Contributors: Linda Roszak Burton, ACC, BBC, BS and Betsy Chapin Taylor, FAHP
To learn more about Linda and Betsy, click here.
Source: Bigstock |
A drumbeat about the acute burnout faced by clinicians continues to plague the healthcare industry — and rightly so. Today, 49% of physicians say they are burned out.1 Further, one in five physicians indicate they are likely to leave their practice within two years.2 Burnout harms individuals and encompasses a variety of injuries including chronic stress, depression, exhaustion, and loss of joy in work as well as increased substance abuse and suicide.1 Clinician burnout clearly presents a wicked problem to address. However, the negative impacts of burnout in healthcare extend far beyond clinician well-being. As Dr. Thomas L. Schwenk said in a recent article in JAMA, physicians have effectively been the "proverbial 'canary in the coal mine.' While the canary may be sick, it is the mine that is toxic. Caring for the sick canary is compassionate, but likely futile until there is more fresh air in the mine."3 Therefore, it is imperative to usher fresh air into the mine by pulling up to understand and address burnout in a more holistic and comprehensive manner.

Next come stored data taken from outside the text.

text \<open>The gap \<open>q\<^sub>f - q\<^sub>f\<^sub>+\<^sub>1\<close> between two interior entries of an optimal caching
  vector is \<open>\<mu> (\<surd>p\<^sub>f - \<surd>p\<^sub>f\<^sub>+\<^sub>1)\<close>, where \<open>q\<^sub>g = [\<mu> \<surd>p\<^sub>g - C]\<^sub>0\<^sup>1\<close> is the water-filling
  form forced by exchange arguments. Raising \<open>C\<close> must raise the level \<open>\<mu>\<close>: otherwise every
  entry would weakly drop and the binding budget \<open>\<Sum> q\<^sub>g = N\<^sub>c\<close> would be violated. Finally
  \<open>C\<^sub>1\<close> is strictly increasing in \<open>(\<lambda>\<^sub>1\<^sub>2, P\<^sub>1\<^sub>2)\<close> because its hypergeometric factor
  \<open>\<^sub>2F\<^sub>1(a, M\<^sub>1; 1 + a; z)\<close>, with \<open>a = -2/\<alpha> \<in> (-1, 0)\<close> and \<open>z \<le> 0\<close>, is at least \<open>1\<close>.\<close>

lemma pochhammer_div_pochhammer_plus_one:
  fixes a :: real
  assumes "-1 < a" "a < 0"
  shows "pochhammer a n / pochhammer (1 + a) n = a / (a + real n)"
proof -
  have "pochhammer (a + 1) n > 0" by (rule pochhammer_pos) (use assms in auto)
  moreover have "pochhammer a n * (a + real n) = a * pochhammer (a + 1) n"
    using pochhammer_Suc[of a n] pochhammer_rec[of a n] by simp
  moreover have "a + real n \<noteq> 0" using assms by (cases n) auto
  ultimately show ?thesis by (simp add: field_simps add.commute)
qed

lemma binomial_series_pochhammer:
  fixes e w :: real
  assumes "\<bar>w\<bar> < 1"
  shows "(\<lambda>n. pochhammer e n / fact n * w ^ n) sums (1 - w) powr (-e)"
proof -
  have "(\<lambda>n. ((-e) gchoose n) * (-w) ^ n) sums (1 + -w) powr (-e)"
    by (rule gen_binomial_real) (use assms in auto)
  moreover have "((-e) gchoose n) * (-w) ^ n = pochhammer e n / fact n * w ^ n" for n
  proof -
    have "((-e) gchoose n) * (-w) ^ n = ((-1) ^ n * (-1) ^ n) * (pochhammer e n / fact n * w ^ n)"
      by (simp add: gbinomial_pochhammer power_minus[of w])
    also have "(-1::real) ^ n * (-1) ^ n = 1" by (simp flip: power_mult_distrib)
    finally show ?thesis by simp
  qed
  ultimately show ?thesis by simp
qed

definition hyp2F1_shift_coeff :: "real \<Rightarrow> real \<Rightarrow> nat \<Rightarrow> real" where
  "hyp2F1_shift_coeff a b n = a / (a + real n) * (pochhammer b n / fact n)"

lemma hyp2F1_series_shift:
  assumes "-1 < a" "a < 0"
  shows "hyp2F1_series a b (1 + a) z = (\<Sum>n. hyp2F1_shift_coeff a b n * z ^ n)"
proof -
  have "pochhammer a n * pochhammer b n / pochhammer (1 + a) n * z ^ n / fact n
      = hyp2F1_shift_coeff a b n * z ^ n" for n
  proof -
    have "pochhammer a n * pochhammer b n / pochhammer (1 + a) n * z ^ n / fact n
        = pochhammer a n / pochhammer (1 + a) n * (pochhammer b n / fact n) * z ^ n"
      by simp
    then show ?thesis
      by (simp add: pochhammer_div_pochhammer_plus_one[OF assms] hyp2F1_shift_coeff_def)
  qed
  then show ?thesis by (simp add: hyp2F1_series_def)
qed

lemma summable_hyp2F1_shift:
  assumes "-1 < a" "a < 0" "\<bar>z\<bar> < 1"
  shows "summable (\<lambda>n. hyp2F1_shift_coeff a b n * z ^ n)"
proof -
  define r where "r = (1 + \<bar>z\<bar>) / 2"
  have r: "\<bar>z\<bar> < r" "r < 1" using assms by (auto simp: r_def)
  have "summable (\<lambda>n. pochhammer b n / fact n * r ^ n)"
    using binomial_series_pochhammer[of r b] r by (auto simp: sums_iff)
  then have abs: "summable (\<lambda>n. norm (pochhammer b n / fact n * z ^ n))"
    by (rule powser_insidea) (use r in auto)
  have "\<bar>a / (a + real n)\<bar> \<le> 1 / (1 + a)" for n
  proof (cases n)
    case 0
    then show ?thesis using assms by (simp add: field_simps)
  next
    case (Suc m)
    then have "\<bar>a / (a + real n)\<bar> = - a / (a + real n)"
      using assms by (simp add: abs_div_pos)
    also have "\<dots> \<le> 1 / (a + real n)" using assms Suc by (intro divide_right_mono) auto
    also have "\<dots> \<le> 1 / (1 + a)" using assms Suc by (intro divide_left_mono) auto
    finally show ?thesis .
  qed
  then have "norm (hyp2F1_shift_coeff a b n * z ^ n)
      \<le> 1 / (1 + a) * norm (pochhammer b n / fact n * z ^ n)" for n
    unfolding hyp2F1_shift_coeff_def norm_mult mult.assoc [symmetric]
    by (intro mult_right_mono) (auto simp: abs_mult)
  then show ?thesis
    by (rule summable_comparison_test' [OF summable_mult [OF abs, of "1 / (1 + a)"]])
qed
lemma vanishing_refinement_solution_eq_0:
  fixes D :: "real \<Rightarrow> real" and S :: "real set" and K :: real
  assumes "1 < K" and "2 \<le> card S"
    and refine: "\<And>s. D s = (\<Sum>d\<in>S. D (K * s - d)) / card S"
    and "bounded (range D)" and "(D \<longlongrightarrow> 0) at_infinity"
  shows "D x = 0"
proof (rule ccontr)
  assume "D x \<noteq> 0"
  have "finite S" using assms(2) by (metis card.infinite not_numeral_le_zero)
  obtain d1 d2 where d12: "d1 \<in> S" "d2 \<in> S" "d1 \<noteq> d2"
    using obtain_subset_with_card_n[OF assms(2)] by (metis card_2_iff insert_subset)
  define m where "m = (SUP s. \<bar>D s\<bar>)"
  have bdd: "bdd_above (range (\<lambda>s. \<bar>D s\<bar>))"
    using \<open>bounded (range D)\<close> by (auto simp: bounded_iff bdd_above_def)
  have le_m: "\<bar>D s\<bar> \<le> m" for s
    unfolding m_def by (rule cSUP_upper[OF _ bdd]) simp
  have "m > 0" using le_m[of x] \<open>D x \<noteq> 0\<close> by linarith
  obtain R where far: "\<And>s. R \<le> \<bar>s\<bar> \<Longrightarrow> \<bar>D s\<bar> < m / 2"
    using tendstoD[OF assms(5), of "m / 2"] \<open>m > 0\<close> by (auto simp: eventually_at_infinity)
  \<comment> \<open>the branch y \<mapsto> K y - d has the repelling fixed point d / (K - 1)\<close>
  define p1 p2 where "p1 = d1 / (K - 1)" and "p2 = d2 / (K - 1)"
  define c where "c = \<bar>p2 - p1\<bar> / 2"
  have "c > 0" using d12(3) \<open>1 < K\<close> by (simp add: c_def p1_def p2_def)
  obtain k where k: "R + \<bar>p1\<bar> + \<bar>p2\<bar> < K ^ k * c"
    using real_arch_pow[OF \<open>1 < K\<close>] \<open>c > 0\<close> by (metis pos_divide_less_eq mult.commute)
  have "m - m / (2 * card S ^ k) < m"
    using \<open>m > 0\<close> assms(2) by simp
  then obtain t where t: "m - m / (2 * card S ^ k) < \<bar>D t\<bar>"
    unfolding m_def using less_cSUP_iff[OF _ bdd] by auto
  obtain d where d: "d \<in> {d1, d2}" and far_t: "c \<le> \<bar>t - d / (K - 1)\<bar>"
  proof (cases "c \<le> \<bar>t - p1\<bar>")
    case False
    then have "c \<le> \<bar>t - p2\<bar>"
      unfolding c_def by (simp add: abs_real_def split: if_splits)
    then show ?thesis using that[of d2] by (simp add: p2_def)
  qed (use that[of d1] in \<open>simp add: p1_def\<close>)
  define p where "p = d / (K - 1)"
  have "K * p - d = p" using \<open>1 < K\<close> by (simp add: p_def field_simps)
  then have "m - \<bar>D (p + K ^ k * (t - p))\<bar> \<le> card S ^ k * (m - \<bar>D t\<bar>)"
    using refinement_deficit_orbit[OF \<open>finite S\<close> _ refine le_m] d d12 by blast
  also have "\<dots> < m / 2"
    using t assms(2) by (simp add: field_simps)
  finally have "m / 2 < \<bar>D (p + K ^ k * (t - p))\<bar>" by simp
  moreover have "R \<le> \<bar>p + K ^ k * (t - p)\<bar>"
  proof -
    have "\<bar>p\<bar> \<le> \<bar>p1\<bar> + \<bar>p2\<bar>" using d by (auto simp: p_def p1_def p2_def)
    moreover have "K ^ k * c \<le> K ^ k * \<bar>t - p\<bar>"
      using far_t \<open>1 < K\<close> by (simp add: p_def)
    moreover have "K ^ k * \<bar>t - p\<bar> \<le> \<bar>p + K ^ k * (t - p)\<bar> + \<bar>p\<bar>"
      using abs_triangle_ineq4[of "p + K ^ k * (t - p)" p] \<open>1 < K\<close> by (simp add: abs_mult)
    ultimately show ?thesis using k by linarith
  qed
  ultimately show False using far by fastforce
qed
section \<open>The self-similarity operator on distribution functions\<close>
text \<open>Its cost is at most twice the weight: each edge is charged once by each of its two ends.\<close>
lemma cost_tree_range:
  assumes met: "metric_on V \<delta>" and n2: "2 \<le> card V"
    and TV: "T \<subseteq> complete_edges V" and conn: "graph_connected V T"
  shows "COST V (tree_range \<delta> T) \<le> 2 * weight \<delta> T"
proof -
  have fin: "finite V" by (rule metric_finite[OF met])
  have Tfin: "finite T" by (rule finite_edges[OF met TV])
  have ew: "0 \<le> edge_weight \<delta> e" if "e \<in> T" for e
    using edge_weight_nonneg[OF met] TV that by blast
  have "tree_range \<delta> T v \<le> (\<Sum>e\<in>{e \<in> T. v \<in> e}. edge_weight \<delta> e)" if v: "v \<in> V" for v
  proof -
    obtain e where "e \<in> T" "v \<in> e" using incident_edge_exists[OF n2 conn v] .
    then obtain e0 where e0: "e0 \<in> T" "v \<in> e0" "tree_range \<delta> T v = edge_weight \<delta> e0"
      using tree_range_attained[OF Tfin] by blast
    show ?thesis unfolding e0(3) using Tfin e0(1,2) ew by (intro member_le_sum) auto
  qed
  then have "COST V (tree_range \<delta> T) \<le> (\<Sum>v\<in>V. \<Sum>e\<in>{e \<in> T. v \<in> e}. edge_weight \<delta> e)"
    unfolding COST_def by (rule sum_mono)
  also have "\<dots> = (\<Sum>e\<in>T. \<Sum>v\<in>{v \<in> V. v \<in> e}. edge_weight \<delta> e)"
    using sum.swap_restrict[OF fin Tfin, of "\<lambda>v e. edge_weight \<delta> e" "\<lambda>v e. v \<in> e"] by simp
  also have "\<dots> = (\<Sum>e\<in>T. 2 * edge_weight \<delta> e)"
  proof (rule sum.cong[OF refl])
    fix e assume "e \<in> T"
    then obtain a b where ab: "e = {a, b}" "a \<in> V" "b \<in> V" "a \<noteq> b" using TV by (blast elim: complete_edgeE)
    then have "{v \<in> V. v \<in> e} = {a, b}" by auto
    then show "(\<Sum>v\<in>{v \<in> V. v \<in> e}. edge_weight \<delta> e) = 2 * edge_weight \<delta> e" using ab(4) by simp
  qed
  also have "\<dots> = 2 * weight \<delta> T" unfolding weight_def by (simp add: sum_distrib_left)
  finally show ?thesis .
qed
(* Let $Q\in\mathbb{R}^{n\times n}$ be symmetric, $q\in\mathbb{R}^n$, $a_i\in\mathbb{R}^n$, $b_i\in\mathbb{R}$ ($i=1,\dots,p$), $\mathcal{F}=\{x:\langle a_i,x\rangle\le b_i,\ i=1,\dots,p\}$, and consider $$(\mathcal{P}_Q)\qquad \min_{x\in\mathcal{F}}\ \phi(x):=\tfrac12\langle Qx,x\rangle+\langle q,x\rangle .$$ Fix $\sigma>\max\{0,\lambda_{\max}(Q)\}$ and the DC decomposition $\phi=g-h$ with $g(x)=\frac\sigma2\|x\|^2+\langle q,x\rangle$, $h(x)=\frac12\langle(\sigma I-Q)x,x\rangle$ (so both are strongly convex with parameter $\rho:=\sigma-\lambda_{\max}(Q)>0$ if $\lambda_{\max}(Q)\ge0$, and $\rho:=\min\{\sigma,\sigma-\lambda_{\max}(Q)\}$ in general). Suppose $(\mathcal{P}_Q)$ has a solution, and let $\{x_k\}$ be an infinite sequence generated by Algorithm BDCA (see context) applied to this decomposition. Then $\{x_k\}$ converges geometrically to a KKT point $x^*$ of $(\mathcal{P}_Q)$: there exist $C>0$ and $\mu\in(0,1)$ such that $\|x_k-x^*\|\le C\mu^k$ for all sufficiently large $k$.
   Context: $\lambda_{\max}(Q)$ is the largest eigenvalue of $Q$. A point $\bar x$ is a KKT point of $(\mathcal{P}_Q)$ if there exist $\mu_1,\dots,\mu_p\ge0$ with $0=Q\bar x+q+\sum_i\mu_ia_i$, $\mu_i(\langle a_i,\bar x\rangle-b_i)=0$ and $\langle a_i,\bar x\rangle\le b_i$ for all $i$. For $\bar x\in\mathcal{F}$, $I(\bar x):=\{i:\langle a_i,\bar x\rangle=b_i\}$. Algorithm BDCA for $\phi=g-h$ on $\mathcal{F}$: input $x_0\in\mathcal{F}$, $\alpha>0$, $\beta\in(0,1)$. At iteration $k$: set $u_k:=\nabla h(x_k)=(\sigma I-Q)x_k$ and let $y_k$ be the unique minimizer of $g(x)-\langle u_k,x\rangle$ over $\mathcal{F}$ (equivalently $y_k=P_{\mathcal{F}}(x_k-\frac1\sigma(Qx_k+q))$, $P_{\mathcal F}$ the Euclidean projection); set $d_k:=y_k-x_k$; if $d_k=0$ stop. If $I(y_k)\subseteq I(x_k)$: choose any $\bar\lambda_k\ge 0$, set $\lambda_k:=\bar\lambda_k$ and reduce it (to some value in $[0,\bar\lambda_k]$) so that $y_k+\lambda_kd_k\in\mathcal{F}$; then while $\phi(y_k+\lambda_kd_k)>\phi(y_k)-\alpha\lambda_k^2\|d_k\|^2$, replace $\lambda_k$ by $\beta\lambda_k$. Otherwise set $\lambda_k:=0$. Set $x_{k+1}:=y_k+\lambda_kd_k$. *)

theory Defs
  imports "HOL-Analysis.Analysis"
begin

Clinicians are not the only constituency in the healthcare organization harmed by burnout. There is an increased understanding that healthcare executives are also in pain. A recent WittKieffer study shows burnout amongst healthcare C-Suite executives has swelled in recent years, with 74% now experiencing burnout.4 Similarly, an ACHE study found 70 percent of healthcare CEOs have burnout scores "in the high range."5 Healthcare executives have the highest turnover rates of all major industries, with burnout accounting for 70% of leadership turnover.6
CEOs also indicate feeling overwhelm, isolation, and seemingly inescapable pressure in the face of pervasive financial challenges, including increased labor and supply costs, decreased patient volumes, and workforce challenges that place tremendous burdens on executives and inhibit their ability and capacity to address issues and to advance strategy. While 88.1% of healthcare leaders still indicate they "like" their job, the pressure on leaders is clearly mounting and presents new forms of fragility in the leadership ranks.5
Burnout also harms the healthcare organization. Clinician burnout is directly linked to increased infection rates, increased medical errors, decreased quality of care, and reduced patient satisfaction.7,8 Burnout cascades across almost all job titles and roles in the healthcare workforce and is a root cause of disengagement, unplanned absenteeism, and departure, causing increased cost, unfilled vacancies, decreased productivity, and lower morale. These issues, in turn, create other organizational vulnerabilities, including decreased financial performance, decreased likelihood to refer and return, lower patient experience scores, and more, all at a time when financial pressure is already acute. Healthcare executives also acknowledge burnout as a direct threat, with 93% saying it is "negatively impacting" the health organization.3
It is not OK to let these issues linger, since addressing burnout is both a moral and business imperative. While healthcare executives feel their hands are tied by resource constraints, CEOs and C-Suite leaders still hold the key to elevating burnout on the leadership agenda; and it is essential to do so for the well-being and viability of clinicians, leaders, and the entire organization. Addressing burnout on a large-scale and systematic way will require leadership lift, strategic alignment, cultural commitment, and meaningful investment. Therefore, it's time to alert non-profit governing boards of the implications of burnout across all levels of the organization to secure their ownership and support. It's also time to craft a broad strategy to address whole-organization culture rather than indulging in seemingly quick fixes indiscriminately applied to check the box that the organization has done something.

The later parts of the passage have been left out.